Andrew Bacevich considers why American military action has gone awry so often in the last twenty years: How can we explain this yawning gap between intention and outcomes? Fundamentally, a pronounced infatuation with armed might has led senior civilian officials, regardless of party, and senior military leaders, regardless of service, to misunderstand and misapply the […]

Andrew Bacevich considers why American military action has gone awry so often in the last twenty years:

How can we explain this yawning gap between intention and outcomes? Fundamentally, a pronounced infatuation with armed might has led senior civilian officials, regardless of party, and senior military leaders, regardless of service, to misunderstand and misapply the military instrument. Force is good for some things, preeminently for defending what is already yours. Not content to defend, however, the United States in recent decades has sought to use force to extend its influence, control and values.

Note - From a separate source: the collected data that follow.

lemma norm_matrix_sandwich_le:
  assumes "op_norm A \<le> a" and "norm Y \<le> y" and "op_norm B \<le> b"
  shows "norm (A ** Y ** B) \<le> a * y * b"
proof -
  have "0 \<le> a" "0 \<le> y"
    using assms(1,2) op_norm_nonneg[of A] norm_ge_zero[of Y] by linarith+
  have "norm (A ** Y ** B) \<le> op_norm A * norm Y * op_norm B"
    by (rule order_trans[OF norm_matrix_mult_le_right
          mult_right_mono[OF norm_matrix_mult_le_left op_norm_nonneg]])
  also have "\<dots> \<le> a * y * b"
    using assms \<open>0 \<le> a\<close> \<open>0 \<le> y\<close> by (intro mult_mono) (simp_all add: op_norm_nonneg)
  finally show ?thesis .
qed

lemma op_norm_gram_le: "op_norm (A ** transpose A) \<le> (op_norm A)\<^sup>2"
  using op_norm_mult_le[of A "transpose A"] by (simp add: op_norm_transpose power2_eq_square)

lemma norm_gram_mult_contraction_le:
  assumes "op_norm P \<le> 1"
  shows "norm (X ** W ** transpose W ** P) \<le> norm X * (op_norm W)\<^sup>2"
proof -
  have "op_norm (W ** transpose W ** P) \<le> (op_norm W)\<^sup>2 * 1"
    by (rule order_trans[OF op_norm_mult_le
          mult_mono[OF op_norm_gram_le assms zero_le_power2 op_norm_nonneg]])
  then show ?thesis
    using order_trans[OF norm_matrix_mult_le_right[of X "W ** transpose W ** P"]
        mult_left_mono[OF _ norm_ge_zero]]
    by (simp add: matrix_mul_assoc)
qed

lemma op_norm_gram_mult_left_le: "op_norm (A ** transpose A ** E) \<le> (op_norm A)\<^sup>2 * op_norm E"
  by (rule order_trans[OF op_norm_mult_le mult_right_mono[OF op_norm_gram_le op_norm_nonneg]])

lemma op_norm_gram_mult_right_le: "op_norm (E ** A ** transpose A) \<le> op_norm E * (op_norm A)\<^sup>2"
  unfolding matrix_mul_assoc[symmetric]
  by (rule order_trans[OF op_norm_mult_le mult_left_mono[OF op_norm_gram_le op_norm_nonneg]])

lemma norm_gram_sandwich_left_le:
  "norm (A ** transpose A ** E ** Y ** transpose A) \<le> (op_norm A)\<^sup>2 * norm A * op_norm E * norm Y"
proof -
  have "op_norm (transpose A) \<le> norm A"
    by (simp add: op_norm_transpose op_norm_le_norm)
  from norm_matrix_sandwich_le[OF op_norm_gram_mult_left_le[of A E] order_refl this]
  show ?thesis
    by (simp add: mult_ac)
qed

lemma norm_gram_sandwich_right_le:
  "norm (A ** transpose Y ** (E ** A ** transpose A)) \<le> (op_norm A)\<^sup>2 * norm A * op_norm E * norm Y"
  using norm_matrix_sandwich_le[OF op_norm_le_norm order_refl op_norm_gram_mult_right_le, of A "transpose Y"]
  by (simp add: norm_transpose_matrix mult_ac)

lemma norm_gram_sandwich_both_le:
  "norm (A ** transpose A ** E ** (U ** transpose V) ** (E ** A ** transpose A))
    \<le> (op_norm A)\<^sup>2 * (norm A)\<^sup>2 * (op_norm E)\<^sup>2 * (norm U * norm V)"
proof -
  have "op_norm E * (op_norm A)\<^sup>2 \<le> op_norm E * (norm A)\<^sup>2"
    by (intro mult_left_mono power_mono op_norm_le_norm op_norm_nonneg)
  then have right: "op_norm (E ** A ** transpose A) \<le> op_norm E * (norm A)\<^sup>2"
    using op_norm_gram_mult_right_le order_trans by blast
  have middle: "norm (U ** transpose V) \<le> norm U * norm V"
    using norm_matrix_mult_le[of U "transpose V"] by (simp add: norm_transpose_matrix)
  show ?thesis
    by (rule order_trans[OF norm_matrix_sandwich_le[OF op_norm_gram_mult_left_le[of A E] middle right]])
      (simp add: power2_eq_square mult_ac)
qed

lemma matrix_diff_ldistrib: "A ** (B - C) = A ** B - A ** (C::'a::ring_1^'p^'n)"
  by (simp add: matrix_matrix_mult_def vec_eq_iff algebra_simps sum_subtractf)

lemma matrix_diff_rdistrib: "(A - B) ** C = A ** C - B ** (C::'a::ring_1^'p^'n)"
  by (simp add: matrix_matrix_mult_def vec_eq_iff algebra_simps sum_subtractf)

lemma matrix_add_rdistrib: "(A + B) ** C = A ** C + B ** (C::'a::semiring_1^'p^'n)"
  by (simp add: matrix_matrix_mult_def vec_eq_iff algebra_simps sum.distrib)

lemma transpose_diff: "transpose (A - B) = transpose A - transpose (B::'a::ab_group_add^'n^'m)"
  by (simp add: transpose_def vec_eq_iff)

lemma perturbed_mult_transpose_diff:
  fixes A C :: "real^'k^'m" and B D :: "real^'k^'n"
  shows "(A - a *\<^sub>R C) ** transpose (B - b *\<^sub>R D) - A ** transpose B
    = (- b) *\<^sub>R (A ** transpose D) - a *\<^sub>R (C ** transpose B) + (a * b) *\<^sub>R (C ** transpose D)"
  by (simp add: transpose_diff transpose_scalar matrix_diff_ldistrib matrix_diff_rdistrib
      matrix_scalar_ac scalar_matrix_assoc[symmetric] algebra_simps)

lemma projected_attention_update_eq:
  fixes X :: "real^'d^'n" and W_Q W_K :: "real^'k^'d" and E :: "real^'n^'n" and s :: real
  assumes "orth_projector P"
  defines "XP \<equiv> X ** P"
    and "G_Q \<equiv> s *\<^sub>R (transpose X ** E ** X ** W_K)"
    and "G_K \<equiv> s *\<^sub>R (transpose X ** transpose E ** X ** W_Q)"
  shows "XP ** P ** ((W_Q - eta_Q *\<^sub>R G_Q) ** transpose (W_K - eta_K *\<^sub>R G_K)
            - W_Q ** transpose W_K) ** P ** transpose XP
    = (- (eta_K * s)) *\<^sub>R (XP ** transpose (X ** W_Q ** transpose W_Q ** P) ** (E ** XP ** transpose XP))
      - (eta_Q * s) *\<^sub>R (XP ** transpose XP ** E ** (X ** W_K ** transpose W_K ** P) ** transpose XP)
      + (eta_Q * s * (eta_K * s)) *\<^sub>R
          (XP ** transpose XP ** E ** (X ** W_K ** transpose (X ** W_Q)) ** (E ** XP ** transpose XP))"
proof -
  have PT: "transpose P = P" and PP: "P ** P = P"
    using assms(1) by (auto simp: orth_projector_def)
  have absorb: "A ** P ** P = A ** P" for A :: "real^'d^'a"
    by (metis PP matrix_mul_assoc)
  show ?thesis
    unfolding G_Q_def G_K_def scaleR_scaleR perturbed_mult_transpose_diff XP_def
    by (simp add: matrix_diff_ldistrib matrix_diff_rdistrib matrix_add_ldistrib matrix_add_rdistrib
        matrix_scalar_ac scalar_matrix_assoc[symmetric] matrix_transpose_mul transpose_scalar
        matrix_mul_assoc PT absorb
        del: scaleR_minus_left) \<comment> \<open>keep \<open>- b\<close> a scalar, so that it moves through matrix products\<close>
qed
lemma bigOP_add:
  assumes "prob_space M" and Y: "bigOP M F Y a" and Z: "bigOP M F Z a"
  shows "bigOP M F (\<lambda>n w. Y n w + Z n w) a"
  unfolding bigOP_def
proof (intro allI impI)
  fix eps :: real
  assume "eps > 0"
  then obtain B1 B2
    where "eventually (\<lambda>n. outer_prob M {w \<in> space M. \<bar>Y n w\<bar> > B1 * a n} < eps / 2) F"
      and "eventually (\<lambda>n. outer_prob M {w \<in> space M. \<bar>Z n w\<bar> > B2 * a n} < eps / 2) F"
    using Y Z unfolding bigOP_def by (meson half_gt_zero)
  then have "eventually (\<lambda>n. outer_prob M {w \<in> space M. \<bar>Y n w + Z n w\<bar> > (B1 + B2) * a n} < eps / 2 + eps / 2) F"
    by (rule eventually_outer_prob_cover_less[OF assms(1)]) (auto simp: distrib_right)
  then show "\<exists>B. eventually (\<lambda>n. outer_prob M {w \<in> space M. \<bar>Y n w + Z n w\<bar> > B * a n} < eps) F"
    by auto
qed

lemma bigOP_sum:
  assumes "prob_space M" and "\<And>m. m \<in> I \<Longrightarrow> bigOP M F (Y m) a"
  shows "bigOP M F (\<lambda>n w. \<Sum>m\<in>I. Y m n w) a"
proof (cases "finite I")
  case True
  then show ?thesis
    using assms(2)
  proof (induction I rule: finite_induct)
    case empty
    show ?case
      unfolding bigOP_def by (auto intro!: exI[of _ 0] simp: outer_prob_empty)
  next
    case (insert m I)
    then show ?case
      by (simp add: bigOP_add[OF assms(1)])
  qed
next
  case False
  then show ?thesis
    unfolding bigOP_def by (auto intro!: exI[of _ 0] simp: outer_prob_empty)
qed

lemma bigOP_mult:
  assumes "prob_space M" and Y: "bigOP M F Y (\<lambda>_. 1)" and Z: "bigOP M F Z a"
  shows "bigOP M F (\<lambda>n w. Y n w * Z n w) a"
  unfolding bigOP_def
proof (intro allI impI)
  fix eps :: real
  assume "eps > 0"
  then obtain B1 B2
    where "eventually (\<lambda>n. outer_prob M {w \<in> space M. \<bar>Y n w\<bar> > B1 * 1} < eps / 2) F"
      and "eventually (\<lambda>n. outer_prob M {w \<in> space M. \<bar>Z n w\<bar> > B2 * a n} < eps / 2) F"
    using Y Z unfolding bigOP_def by (meson half_gt_zero)
  then have "eventually (\<lambda>n. outer_prob M {w \<in> space M. \<bar>Y n w * Z n w\<bar> > B1 * B2 * a n} < eps / 2 + eps / 2) F"
  proof (rule eventually_outer_prob_cover_less[OF assms(1)])
    fix n w
    assume large: "\<bar>Y n w * Z n w\<bar> > B1 * B2 * a n"
    show "\<bar>Y n w\<bar> > B1 * 1 \<or> \<bar>Z n w\<bar> > B2 * a n"
    proof (rule ccontr)
      assume "\<not> ?thesis"
      then have "\<bar>Y n w\<bar> * \<bar>Z n w\<bar> \<le> B1 * (B2 * a n)"
        by (intro mult_mono) auto
      with large show False
        by (simp add: abs_mult mult.assoc)
    qed
  qed
  then show "\<exists>B. eventually (\<lambda>n. outer_prob M {w \<in> space M. \<bar>Y n w * Z n w\<bar> > B * a n} < eps) F"
    by auto
qed

lemma bigOP_bounded_near_limit:
  fixes S :: "'i \<Rightarrow> 'w \<Rightarrow> 'v::metric_space"
  assumes "prob_space M" and W: "bigOP M F W a"
    and S: "conv_in_prob M F S L" and "eta > 0"
    and bound: "eventually (\<lambda>n. \<forall>w\<in>space M. dist (S n w) L \<le> eta \<longrightarrow> \<bar>V n w\<bar> \<le> \<bar>W n w\<bar>) F"
  shows "bigOP M F V a"
  unfolding bigOP_def
proof (intro allI impI)
  fix eps :: real
  assume "eps > 0"
  then obtain B where B: "eventually (\<lambda>n. outer_prob M {w \<in> space M. \<bar>W n w\<bar> > B * a n} < eps / 2) F"
    using W unfolding bigOP_def by (meson half_gt_zero)
  have "((\<lambda>n. outer_prob M {w \<in> space M. dist (S n w) L > eta}) \<longlongrightarrow> 0) F"
    using S \<open>eta > 0\<close> unfolding conv_in_prob_def by blast
  then have "eventually (\<lambda>n. outer_prob M {w \<in> space M. dist (S n w) L > eta} < eps / 2) F"
    using \<open>eps > 0\<close> by (intro order_tendstoD(2)) auto
  then have "eventually (\<lambda>n. outer_prob M {w \<in> space M. \<bar>V n w\<bar> > \<bar>W n w\<bar>} < eps / 2) F"
    using bound
  proof eventually_elim
    case (elim n)
    have "outer_prob M {w \<in> space M. \<bar>V n w\<bar> > \<bar>W n w\<bar>} \<le> outer_prob M {w \<in> space M. dist (S n w) L > eta}"
      using elim(2) by (intro outer_prob_mono) auto
    with elim(1) show ?case
      by linarith
  qed
  then have "eventually (\<lambda>n. outer_prob M {w \<in> space M. \<bar>V n w\<bar> > B * a n} < eps / 2 + eps / 2) F"
    using B by (rule eventually_outer_prob_cover_less[OF assms(1)]) auto
  then show "\<exists>B. eventually (\<lambda>n. outer_prob M {w \<in> space M. \<bar>V n w\<bar> > B * a n} < eps) F"
    by auto
qed
lemma infsum_walks_in_append:
  assumes "\<And>b. b \<in> C \<Longrightarrow> b \<noteq> []"
  shows "(\<Sum>\<^sub>\<infinity>(l0, b)\<in>walks_in E v v \<times> C. walk_weight (l0 @ b)) =
    green E v v * (\<Sum>\<^sub>\<infinity>b\<in>C. ennreal (P v (hd b)) * walk_weight b)"
proof -
  have "(\<Sum>\<^sub>\<infinity>(l0, b)\<in>walks_in E v v \<times> C. walk_weight (l0 @ b)) =
      (\<Sum>\<^sub>\<infinity>(l0, b)\<in>walks_in E v v \<times> C. walk_weight l0 * (ennreal (P v (hd b)) * walk_weight b))"
    using assms by (intro infsum_cong) (auto simp: walks_in_def walk_weight_append mult.assoc)
  then show ?thesis by (simp add: green_def ennreal_infsum_product)
qed

definition lerw_weight :: "'a set \<Rightarrow> 'a set \<Rightarrow> 'a list \<Rightarrow> ennreal" where
  "lerw_weight E T \<gamma> = infsum walk_weight {\<alpha> \<in> stopped_walks E T (hd \<gamma>). loop_erase \<alpha> = \<gamma>}"

fun green_prod :: "'a set \<Rightarrow> 'a list \<Rightarrow> ennreal" where
  "green_prod E [] = 1"
| "green_prod E (v # s) = green E v v * green_prod (E - {v}) s"

lemma green_prod_append: "green_prod E (s @ t) = green_prod E s * green_prod (E - set s) t"
proof (induction s arbitrary: E)
  case (Cons v s)
  have "E - {v} - set s = E - set (v # s)" by auto
  then show ?case using Cons.IH[of "E - {v}"] by (simp add: mult.assoc)
qed simp
text \<open>A matrix lies in \<open>zkp_space z k p\<close> iff its components in the decomposition
  \<open>M\<^sub>2 = \<Z> \<oplus> \<K> \<oplus> [\<S>,\<K>]\<close> for the transpose vanish wherever the corresponding flag is \<open>False\<close>.\<close>
definition zkp_space :: "bool \<Rightarrow> bool \<Rightarrow> bool \<Rightarrow> 'a::field m2 set" where
  "zkp_space z k p =
     {X. (z \<or> X$1$1 + X$2$2 = 0) \<and> (k \<or> X$1$2 = X$2$1) \<and> (p \<or> X$1$1 = X$2$2 \<and> X$1$2 + X$2$1 = 0)}"

lemma zkp_space_mem_candidate_spaces:
  "zkp_space z k p \<in> candidate_spaces (transpose :: 'a::linordered_field m2 \<Rightarrow> 'a m2)"
proof -
  have "zkp_space False False False = ({0} :: 'a m2 set)"
    by (auto simp: zkp_space_def m2_entry_simps)
  moreover have "zkp_space True False False = (central_els :: 'a m2 set)"
    by (auto simp: zkp_space_def central_els_eq)
  moreover have "zkp_space False True False = (skew_els transpose :: 'a m2 set)"
    by (auto simp: zkp_space_def skew_els_transpose)
  moreover have "zkp_space False False True = (comm_span (sym_els transpose) (skew_els transpose) :: 'a m2 set)"
    by (auto simp: zkp_space_def comm_span_sym_skew_transpose)
  moreover have "zkp_space True False True = (sym_els transpose :: 'a m2 set)"
    by (auto simp: zkp_space_def sym_els_transpose)
  moreover have "zkp_space True True False = (set_plus_m central_els (skew_els transpose) :: 'a m2 set)"
    by (auto simp: zkp_space_def set_plus_central_skew_transpose)
  moreover have "zkp_space False True True = (comm_span UNIV UNIV :: 'a m2 set)"
    by (auto simp: zkp_space_def comm_span_UNIV)
  moreover have "zkp_space True True True = (UNIV :: 'a m2 set)"
    by (auto simp: zkp_space_def)
  ultimately show ?thesis
    unfolding candidate_spaces_def by (cases z; cases k; cases p) (simp_all only: insert_iff simp_thms)
qed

There are a few things that account for this tendency to favor and endorse military options. One reason is the great disparity in power between the U.S. and the states that it typically confronts. Weak states, or at least states that are significantly weaker than the U.S. and its allies, have been the preferred targets for military intervention over the last two decades. It is much easier to support launching “limited” strikes, air wars, or even full-scale invasions against smaller, often ill-equipped, and outmatched forces than it would be if an adversary were much better-armed and capable of inflicting significant damage in response. On a related note, the U.S. and its allies enjoy enough economic and military advantages that they can “get away” with squandering resources at a rate that would be prohibitive for most others, and as long as they are able to keep “getting away” with such wastefulness there will always be a temptation to indulge in it. Another reason is the assumption that the U.S. will not be exposing our country to serious retaliation when it launches attacks on another state. Finally, there is a bias in our political culture and in foreign policy debate more specifically in favor of taking “action” rather than being “idle,” and unfortunately “action” has typically been understood in terms of military action and little else. Unless the U.S. takes military action, or is at least actively aiding one side in an ongoing conflict, it is frequently accused of “inaction” regardless of anything else that the government may be doing on that issue. As long as non-military options are equated with passivity, they will keep losing out over time to calls for “action.”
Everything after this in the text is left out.